В течение трех лет, пока младенец, подобно всем младенцам, рос бессознательно, как трава, вопрос о его воспитании, вставший в 1838 году, оставался открытым, меж тем как внешний мир трудился вовсю, готовя для него новую, его собственную вселенную. Позднее, в пожилом возрасте, Генри Адамс не раз задумывался над тем, не правильнее ли, согласно теории случайностей, рассматривать и себя и этот свой мир как случайное стечение обстоятельств. Подобного случайного стечения обстоятельств человеческий опыт еще никогда не знал. Для него, и только для него, стиралась в труху старая вселенная и создавалась новая. Он и его допотопный Бостон восемнадцатого века внезапно разошлись, разъединились — если не духовно, то физически — в силу ряда событий: открылась железная дорога Бостон Олбани, появился первый пароход, телеграф передал из Балтиморы в Вашингтон известие о том, что Генри Клей[8] и Джеймс Н. Полк[9] выдвинуты кандидатами на пост президента. Шел май 1844 года, мальчику было шесть лет, новый мир был готов принять его, а от старого мира на глаза попадались лишь осколки.
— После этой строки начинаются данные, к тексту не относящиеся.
definition hausdorff_measure :: "real \<Rightarrow> 'a::euclidean_space set \<Rightarrow> ennreal" where
  "hausdorff_measure s A = (SUP \<delta>\<in>{0<..}. hausdorff_content s \<delta> A)"

text \<open>Hausdorff dimension: inf of s > 0 with H^s(A) = 0 (equal to the usual inf over s \<ge> 0).\<close>
definition hausdorff_dim :: "'a::euclidean_space set \<Rightarrow> ereal" where
  "hausdorff_dim A = Inf (ereal ` {s. 0 < s \<and> hausdorff_measure s A = 0})"

definition no_mass_small_sets :: "'a::euclidean_space measure \<Rightarrow> bool" where
  "no_mass_small_sets q \<longleftrightarrow>
     (\<forall>A\<in>sets q. hausdorff_dim A \<le> ereal (real DIM('a) - 1) \<longrightarrow> emeasure q A = 0)"

end

theory Submission
  imports Defs
begin

text \<open>
  Integrating the Fenchel--Young inequality \<open>\<langle>y, z\<rangle> \<le> \<psi>**(y) + \<psi>*(z)\<close> against any
  coupling of \<open>p\<close> and \<open>q\<close> gives \<open>MCov(p, q) \<le> \<integral>\<psi>** dp + \<integral>\<psi>* dq\<close>, and
  \<open>\<psi>** \<le> \<psi>\<close>. The biconjugate is integrated instead of \<open>\<psi>\<close> because it is Borel
  measurable while \<open>\<psi>\<close> need not be.

  Conversely, \<open>\<psi>*\<close> is the supremum of countably many affine functions
  \<open>z \<mapsto> \<langle>z, y\<^sub>k\<rangle> - \<psi>(y\<^sub>k)\<close>, with the points \<open>(y\<^sub>k, \<psi>(y\<^sub>k))\<close> dense in the graph
  of \<open>\<psi>\<close>. If \<open>T\<^sub>n(z)\<close> is a measurably chosen maximiser \<open>y\<^sub>k\<close>, \<open>k \<le> n\<close>, then
  \<open>p\<^sub>n = T\<^sub>n # q\<close> is finitely supported and the coupling \<open>(T\<^sub>n, id) # q\<close> attains
  equality in Fenchel--Young, so the integral of the \<open>n\<close>-th maximum is at most
  \<open>MCov(p\<^sub>n, q) - \<integral>\<psi> dp\<^sub>n\<close>; monotone convergence finishes the proof.
\<close>

section \<open>Integrals of extended-real functions\<close>

lemma enn2ereal_eq_ereal_enn2real: "x < \<infinity> \<Longrightarrow> enn2ereal x = ereal (enn2real x)"
  by (metis ennreal_enn2real enn2ereal_ennreal enn2real_nonneg infinity_ennreal_def less_top)

lemma ext_integral_eq_integral:
  fixes v :: "'b \<Rightarrow> real"
  assumes "AE x in M. f x = ereal (v x)" and "integrable M v"
  shows "ext_integral M f = ereal (\<integral>x. v x \<partial>M)"
proof -
  have pos: "(\<integral>\<^sup>+ x. e2ennreal (f x) \<partial>M) = (\<integral>\<^sup>+ x. ennreal (v x) \<partial>M)"
   and neg: "(\<integral>\<^sup>+ x. e2ennreal (- f x) \<partial>M) = (\<integral>\<^sup>+ x. ennreal (- v x) \<partial>M)"
    by (auto intro!: nn_integral_cong_AE eventually_mono[OF assms(1)])
  have "(\<integral>\<^sup>+ x. ennreal (norm (v x)) \<partial>M) < \<infinity>"
    using assms(2) by (simp add: integrable_iff_bounded)
  then have "(\<integral>\<^sup>+ x. ennreal (v x) \<partial>M) < \<infinity>" "(\<integral>\<^sup>+ x. ennreal (- v x) \<partial>M) < \<infinity>"
    by (auto elim!: le_less_trans[rotated] intro!: nn_integral_mono ennreal_leI)
  then show ?thesis
    unfolding ext_integral_def pos neg real_lebesgue_integral_def[OF assms(2)]
    by (simp add: enn2ereal_eq_ereal_enn2real)
qed

lemma ext_integral_mono:
  assumes "\<And>x. f x \<le> g x"
  shows "ext_integral M f \<le> ext_integral M g"
  unfolding ext_integral_def
  by (intro ereal_minus_mono) (auto simp: less_eq_ennreal.rep_eq[symmetric] assms e2ennreal_mono intro!: nn_integral_mono)

lemma e2ennreal_diff_add_parts:
  fixes r :: real and u :: ereal
  assumes "ereal r \<le> u"
  shows "e2ennreal (u - ereal r) + ennreal r + e2ennreal (- u) = e2ennreal u + ennreal (- r)"
proof (cases u)
  case (real s)
  with assms show ?thesis
    by (cases "0 \<le> r"; cases "0 \<le> s") (auto simp: ennreal_neg ennreal_plus[symmetric] simp del: ennreal_plus)
qed (use assms in auto)
(* Let $n$ be a positive integer and $w_1\le\dots\le w_m$ a feasible partition of $n$ with partial sums $R_i=w_1+\dots+w_i$, $R_0=0$. Then for every $1\le i\le m$, $R_{i-1} \ge \frac{R_i-1}{3}$.
   Context: A weighing partition of a positive integer $n$ is a multiset of positive integers summing to $n$ such that every integer $\ell$ with $1\le\ell\le n$ is a sum $\sum_j u_jw_j$ with $u_j\in\{-1,0,1\}$. A feasible partition of $n$ is a weighing partition of $n$ whose number of parts $m$ is minimal among all weighing partitions of $n$, written $w_1\le\dots\le w_m$. *)

theory Defs
  imports Complex_Main
begin

definition weighing_partition :: "nat \<Rightarrow> nat list \<Rightarrow> bool" where
  "weighing_partition n ws \<longleftrightarrow>
     (\<forall>w\<in>set ws. 0 < w) \<and> sum_list ws = n \<and>
     (\<forall>l\<in>{1..n}. \<exists>u::nat \<Rightarrow> int.
        (\<forall>j<length ws. u j \<in> {-1, 0, 1}) \<and>
        int l = (\<Sum>j<length ws. u j * int (ws ! j)))"

definition feasible_partition :: "nat \<Rightarrow> nat list \<Rightarrow> bool" where
  "feasible_partition n ws \<longleftrightarrow>
     sorted ws \<and> weighing_partition n ws \<and>
     (\<forall>vs. weighing_partition n vs \<longrightarrow> length ws \<le> length vs)"

definition partial_sum :: "nat list \<Rightarrow> nat \<Rightarrow> nat" where
  "partial_sum ws i = sum_list (take i ws)"

end

theory Submission
  imports Defs
begin

text \<open>Sortedness and the weighing property already force \<open>w\<^sub>i \<le> 2 R\<^sub>i\<^sub>-\<^sub>1 + 1\<close>. Subtracting a signed representation of \<open>n - m\<close> from \<open>n = \<Sum> w\<^sub>j\<close>
  writes every \<open>m < n\<close> as \<open>\<Sum> c\<^sub>j w\<^sub>j\<close> with \<open>c\<^sub>j \<in> {0,1,2}\<close>. Such a sum either uses no part
  from position \<open>i\<close> on, and is then at most \<open>2 R\<^sub>i\<^sub>-\<^sub>1\<close>, or it is at least \<open>w\<^sub>i\<close>.
  So \<open>m = 2 R\<^sub>i\<^sub>-\<^sub>1 + 1\<close> can only be represented if \<open>w\<^sub>i \<le> 2 R\<^sub>i\<^sub>-\<^sub>1 + 1\<close>, and it
  is below \<open>n\<close> whenever \<open>w\<^sub>i\<close> exceeds that bound.\<close>

lemma weighing_partition_nonneg_repr:
  assumes wp: "weighing_partition n ws" and "m < n"
  shows "\<exists>c::nat \<Rightarrow> nat. (\<forall>j<length ws. c j \<le> 2) \<and> m = (\<Sum>j<length ws. c j * ws ! j)"
proof -
  have "n - m \<in> {1..n}" using \<open>m < n\<close> by auto
  then obtain u :: "nat \<Rightarrow> int" where u: "\<forall>j<length ws. u j \<in> {-1, 0, 1}"
    and u_repr: "int (n - m) = (\<Sum>j<length ws. u j * int (ws ! j))"
    using wp unfolding weighing_partition_def by blast
  have n_sum: "int n = (\<Sum>j<length ws. int (ws ! j))"
    using wp unfolding weighing_partition_def by (auto simp: sum_list_sum_nth atLeast0LessThan)
  define c where "c j = nat (1 - u j)" for j
  have c_int: "int (c j) = 1 - u j" if "j < length ws" for j
    using u that unfolding c_def by auto
  have "int m = int n - int (n - m)" using \<open>m < n\<close> by simp
  also have "\<dots> = (\<Sum>j<length ws. (1 - u j) * int (ws ! j))"
    using n_sum u_repr by (simp add: sum_subtractf algebra_simps)
  also have "\<dots> = int (\<Sum>j<length ws. c j * ws ! j)"
    by (simp add: c_int)
  finally have "m = (\<Sum>j<length ws. c j * ws ! j)" by linarith
  moreover have "\<forall>j<length ws. c j \<le> 2" using u unfolding c_def by auto
  ultimately show ?thesis by blast
qed

lemma sorted_bounded_combination_gap:
  fixes ws :: "nat list" and c :: "nat \<Rightarrow> nat"
  assumes "sorted ws" and "k < length ws" and c_le: "\<forall>j<length ws. c j \<le> b"
  shows "(\<Sum>j<length ws. c j * ws ! j) \<le> b * sum_list (take k ws)
         \<or> ws ! k \<le> (\<Sum>j<length ws. c j * ws ! j)"
proof (cases "\<exists>j\<in>{k..<length ws}. c j \<noteq> 0")
  case True
  then obtain j where j: "k \<le> j" "j < length ws" "c j \<noteq> 0" by auto
  have "ws ! k \<le> ws ! j" using \<open>sorted ws\<close> j by (simp add: sorted_nth_mono)
  also have "\<dots> \<le> c j * ws ! j" using j(3) by simp
  also have "\<dots> \<le> (\<Sum>j<length ws. c j * ws ! j)"
    by (rule member_le_sum) (use j in auto)
  finally show ?thesis ..
next
  case False
  have "(\<Sum>j<length ws. c j * ws ! j)
        = (\<Sum>j<k. c j * ws ! j) + (\<Sum>j\<in>{k..<length ws}. c j * ws ! j)"
    using sum.atLeastLessThan_concat[of 0 k "length ws" "\<lambda>j. c j * ws ! j"] \<open>k < length ws\<close>
    by (simp add: atLeast0LessThan)
  also have "\<dots> = (\<Sum>j<k. c j * ws ! j)" using False by simp
  also have "\<dots> \<le> (\<Sum>j<k. b * ws ! j)"
    by (rule sum_mono) (use c_le \<open>k < length ws\<close> in simp)
  also have "\<dots> = b * sum_list (take k ws)"
    using \<open>k < length ws\<close> by (simp add: sum_list_sum_nth atLeast0LessThan sum_distrib_left)
  finally show ?thesis ..
qed

lemma weighing_partition_sorted_nth_le:
  assumes "sorted ws" and wp: "weighing_partition n ws" and "k < length ws"
  shows "ws ! k \<le> 2 * sum_list (take k ws) + 1"
proof -
  define R where "R = sum_list (take k ws)"
  have "sum_list ws = sum_list (take (Suc k) ws) + sum_list (drop (Suc k) ws)"
    by (simp flip: sum_list_append)
  then have n_ge: "R + ws ! k \<le> n"
    using wp \<open>k < length ws\<close>
    by (simp add: R_def weighing_partition_def take_Suc_conv_app_nth)
  show ?thesis
  proof (cases "2 * R + 1 < n")
    case True
    then obtain c where "\<forall>j<length ws. c j \<le> 2"
      and repr: "2 * R + 1 = (\<Sum>j<length ws. c j * ws ! j)"
      using weighing_partition_nonneg_repr[OF wp] by blast
    then have "2 * R + 1 \<le> 2 * R \<or> ws ! k \<le> 2 * R + 1"
      using sorted_bounded_combination_gap[OF \<open>sorted ws\<close> \<open>k < length ws\<close>]
      unfolding R_def by metis
    then show ?thesis unfolding R_def by linarith
  next
    case False
    then show ?thesis using n_ge unfolding R_def by linarith
  qed
qed

theorem mainTheorem7:
  fixes n :: nat and ws :: "nat list"
  assumes "0 < n"
    and "feasible_partition n ws"
  shows "\<forall>i\<in>{1..length ws}.
           real (partial_sum ws (i - 1)) \<ge> (real (partial_sum ws i) - 1) / 3"
proof
  fix i assume "i \<in> {1..length ws}"
  then obtain k where k: "k < length ws" "i = Suc k" by (cases i) auto
  have "ws ! k \<le> 2 * partial_sum ws k + 1"
    using weighing_partition_sorted_nth_le[OF _ _ k(1)] assms(2)
    unfolding feasible_partition_def partial_sum_def by blast
  moreover have "partial_sum ws i = partial_sum ws k + ws ! k"
    using k by (simp add: partial_sum_def take_Suc_conv_app_nth)
  ultimately show "real (partial_sum ws (i - 1)) \<ge> (real (partial_sum ws i) - 1) / 3"
    using k(2) by simp
qed

end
Из всего, чем потом обогатилось для него содержание этого мира, он пока различал только желтый цвет. Первое, что запомнилось, — желтый кухонный пол, на котором он сидит в ярком солнечном пятне. Ему было три года, когда через распознавание цвета он сделал этот первый шаг в познании окружающего мира. Вскоре последовал второй — вкусовое ощущение. 3 декабря 1841 года мальчик заболел скарлатиной. Несколько дней он находился между жизнью и смертью и вряд ли встал бы на ноги, если бы не самоотверженные усилия родных. Но вот, с 1 января 1842 года, он стал поправляться: на него напал неутолимый голод, который, наверное, владел им сильнее всех других чувств — радости или боли, — потому что память не сохранила никаких иных, даже слабых впечатлений от этих дней, кроме одного: в комнату, где он лежит, входит тетушка, а в руке у нее блюдечко с печеным яблоком.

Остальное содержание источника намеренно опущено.